Repository files navigation

Startle

Startle is a set of methods for lineage tree reconstruction that attempt to infer the most parsimonious tree under the star homoplasy evolutionary model.

overview

If you found the tool useful in your research, please cite us at:

@article{sashittal2023startle,
  title={Startle: a star homoplasy approach for crispr-cas9 lineage tracing},
  author={Sashittal, Palash and Schmidt, Henri and Chan, Michelle and Raphael, Benjamin J},
  journal={Cell Systems},
  volume={14},
  number={12},
  pages={1113--1121},
  year={2023},
  publisher={Elsevier}
}

startle

Automatic Installation

startle can be installed automatically using Conda. Simply execute,

$ conda install -c schmidt73 startle

and Startle will be available as startle.

Manual installation

startle is implemented in C++ and is packaged with the dependencies needed to execute the program. In particular, the only dependencies are a recent version of CMAKE and a modern C++17 compliant compiler.
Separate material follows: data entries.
definition Ki_alpha :: "(real^'n) set \<Rightarrow> 'n \<times> bool \<Rightarrow> real \<Rightarrow> (real^'n) set" where
  "Ki_alpha K i \<alpha> = {w \<in> frame i ` Sreg K i.
      down (fst i) w \<in> thick (fst i) (down (fst i) ` frame i ` K) \<alpha>}"

definition Ki :: "(real^'n) set \<Rightarrow> 'n \<times> bool \<Rightarrow> real \<Rightarrow> (real^'n) set" where
  "Ki K i \<epsilon> = Ki_alpha K i (2 * \<epsilon>)"

text \<open>Projective dual p* of a point p: y = sum_{j<>k} p_j x_j - p_k (vertical coordinate k).
  A non-vertical hyperplane h is represented by the unique point a with a* = h.\<close>
definition dualhyp :: "'n \<Rightarrow> real^'n \<Rightarrow> (real^'n) set" where
  "dualhyp k p = {w. w $ k = (\<Sum>j\<in>UNIV - {k}. p $ j * w $ j) - p $ k}"

definition upper :: "'n \<Rightarrow> real^'n \<Rightarrow> (real^'n) set" where
  "upper k p = {w. w $ k \<ge> (\<Sum>j\<in>UNIV - {k}. p $ j * w $ j) - p $ k}"

definition lower :: "'n \<Rightarrow> real^'n \<Rightarrow> (real^'n) set" where
  "lower k p = {w. w $ k \<le> (\<Sum>j\<in>UNIV - {k}. p $ j * w $ j) - p $ k}"

text \<open>Augmented boundary: pairs (q, a) with q a boundary point and a* = h(q) a
  non-vertical supporting hyperplane at q.\<close>
definition aug_bd :: "'n::finite \<Rightarrow> (real^'n) set \<Rightarrow> ((real^'n) \<times> (real^'n)) set" where
  "aug_bd k U = {(q, a). q \<in> frontier U \<and> q \<in> dualhyp k a \<and>
                   (U \<subseteq> upper k a \<or> U \<subseteq> lower k a)}"

definition Kdual :: "'n \<Rightarrow> (real^'n) set \<Rightarrow> (real^'n) set" where
  "Kdual k U = \<Inter> {upper k q | q a. (q, a) \<in> aug_bd k U}"

definition lower_bd :: "'n \<Rightarrow> (real^'n) set \<Rightarrow> (real^'n) set" where
  "lower_bd k A = {q \<in> A. \<forall>t>0. q - t *\<^sub>R axis k 1 \<notin> A}"

definition cap :: "'n \<Rightarrow> real \<Rightarrow> (real^'n) \<times> (real^'n) \<Rightarrow> (real^'n) set
                     \<Rightarrow> ((real^'n) \<times> (real^'n)) set" where
  "cap k \<epsilon> p V = {(r, b) \<in> aug_bd k V.
       r $ k \<le> (\<Sum>j\<in>UNIV - {k}. snd p $ j * r $ j) - snd p $ k + \<epsilon>}"

text \<open>Useful: p = (h(q)^*, q*) corresponds to the augmented point (q, h(q)) of the
  augmented boundary of K_i, with q on the lower boundary of K_i^(eps).\<close>
definition useful :: "(real^'n) set \<Rightarrow> 'n \<times> bool \<Rightarrow> real \<Rightarrow> (real^'n) \<times> (real^'n) \<Rightarrow> bool" where
  "useful K i \<epsilon> p \<longleftrightarrow>
     p \<in> aug_bd (fst i) (Kdual (fst i) (Ki K i \<epsilon>)) \<and>
     (snd p, fst p) \<in> aug_bd (fst i) (Ki K i \<epsilon>) \<and>
     snd p \<in> lower_bd (fst i) (Ki_alpha K i \<epsilon>)"

end

theory Submission
  imports Defs
begin

(* Let q be the point of K_i^(eps) inducing the cap and r a point of the cap.  Move eps
   horizontally from q's projection in the direction of r's projection and let q' be the lowest
   point of S_i above the result.  Then q' lies in K_i, on its boundary, where it is supported by
   the hyperplane a* of a face of S_i with some normal u in V_i; as u is dominated by its
   e_i-component, the slope of a* is at most d in norm.  Being a point of K_i^*, r lies above
   the hyperplane q'*, and by the cap condition at most eps below q*.  Hence
     eps |r_x| = <q'_x - q_x, r_x> <= q'_y - q_y + eps <= <a_x, q'_x - q_x> + eps <= (d + 1) eps. *)

lemma inner_down_commute: "down k p \<bullet> w = p \<bullet> down k w"
  by (auto simp: inner_vec_def down_def intro!: sum.cong)

lemma down_down [simp]: "down k (down k x) = down k x"
  by (simp add: vec_eq_iff down_def)

lemma down_axis [simp]: "down k (axis k c) = 0"
  by (simp add: vec_eq_iff down_def axis_def)

lemma down_add [simp]: "down k (x + y) = down k x + down k y"
  by (simp add: vec_eq_iff down_def)

lemma down_scaleR [simp]: "down k (c *\<^sub>R x) = c *\<^sub>R down k x"
  by (simp add: vec_eq_iff down_def)

lemma inner_down_axis [simp]: "down k p \<bullet> axis k c = 0"
  by (simp add: inner_down_commute)

lemma inner_down_down: "down k p \<bullet> down k w = down k p \<bullet> w"
  by (metis down_down inner_down_commute)

lemma sum_horizontal_eq_inner_down:
  "(\<Sum>j\<in>UNIV - {k}. p $ j * w $ j) = down k p \<bullet> w"
proof -
  have "down k p \<bullet> w = (\<Sum>j\<in>UNIV. if j = k then 0 else p $ j * w $ j)"
    by (auto simp: inner_vec_def down_def intro!: sum.cong)
  also have "\<dots> = (\<Sum>j\<in>UNIV - {k}. p $ j * w $ j)"
    by (rule sum.mono_neutral_cong_right) auto
  finally show ?thesis ..
qed

lemma mem_upper_iff: "w \<in> upper k p \<longleftrightarrow> down k p \<bullet> w - p $ k \<le> w $ k"
  by (simp add: upper_def sum_horizontal_eq_inner_down)

lemma mem_dualhyp_iff: "w \<in> dualhyp k p \<longleftrightarrow> w $ k = down k p \<bullet> w - p $ k"
  by (simp add: dualhyp_def sum_horizontal_eq_inner_down)

lemma closed_Kdual: "closed (Kdual k U)"
  unfolding Kdual_def upper_def
  by (intro closed_Inter) (auto intro!: closed_Collect_le continuous_intros)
To build startle from source, first clone the repository and its submodules:

$ git clone --recurse-submodules https://github.com/raphael-group/startle.git

Then from the root of the project directory, execute the following sequence of commands:

$ mkdir build; cd build
$ cmake ..
$ make

The output binary will be located at build/src/startle.

Usage

To run startle, simply execute the binary.

$ startle 
Usage: startle [--help] [--version] {large,small}

Optional arguments:
  -h, --help     shows help message and exits 
  -v, --version  prints version information and exits 

Subcommands:
  large         Solves the star homoplasy LARGE parsimony problem.
  small         Solves the star homoplasy SMALL parsimony problem.

The tool contains algorithms for the star homoplasy SMALL and LARGE parsimony problems, available using the sub-commands small and large.

Input format

Both algorithms implemented in startle require several files. In particular, startle requires a character_matrix file as a CSV, a mutation_prior file as a CSV, and a tree as Newick file. An example character matrix and mutation prior file can be found in examples under the names examples/n100_m30_d0.2_s0_p0.2_character_matrix.csv and examples/n100_m30_d0.2_s0_p0.2_mutation_prior.csv.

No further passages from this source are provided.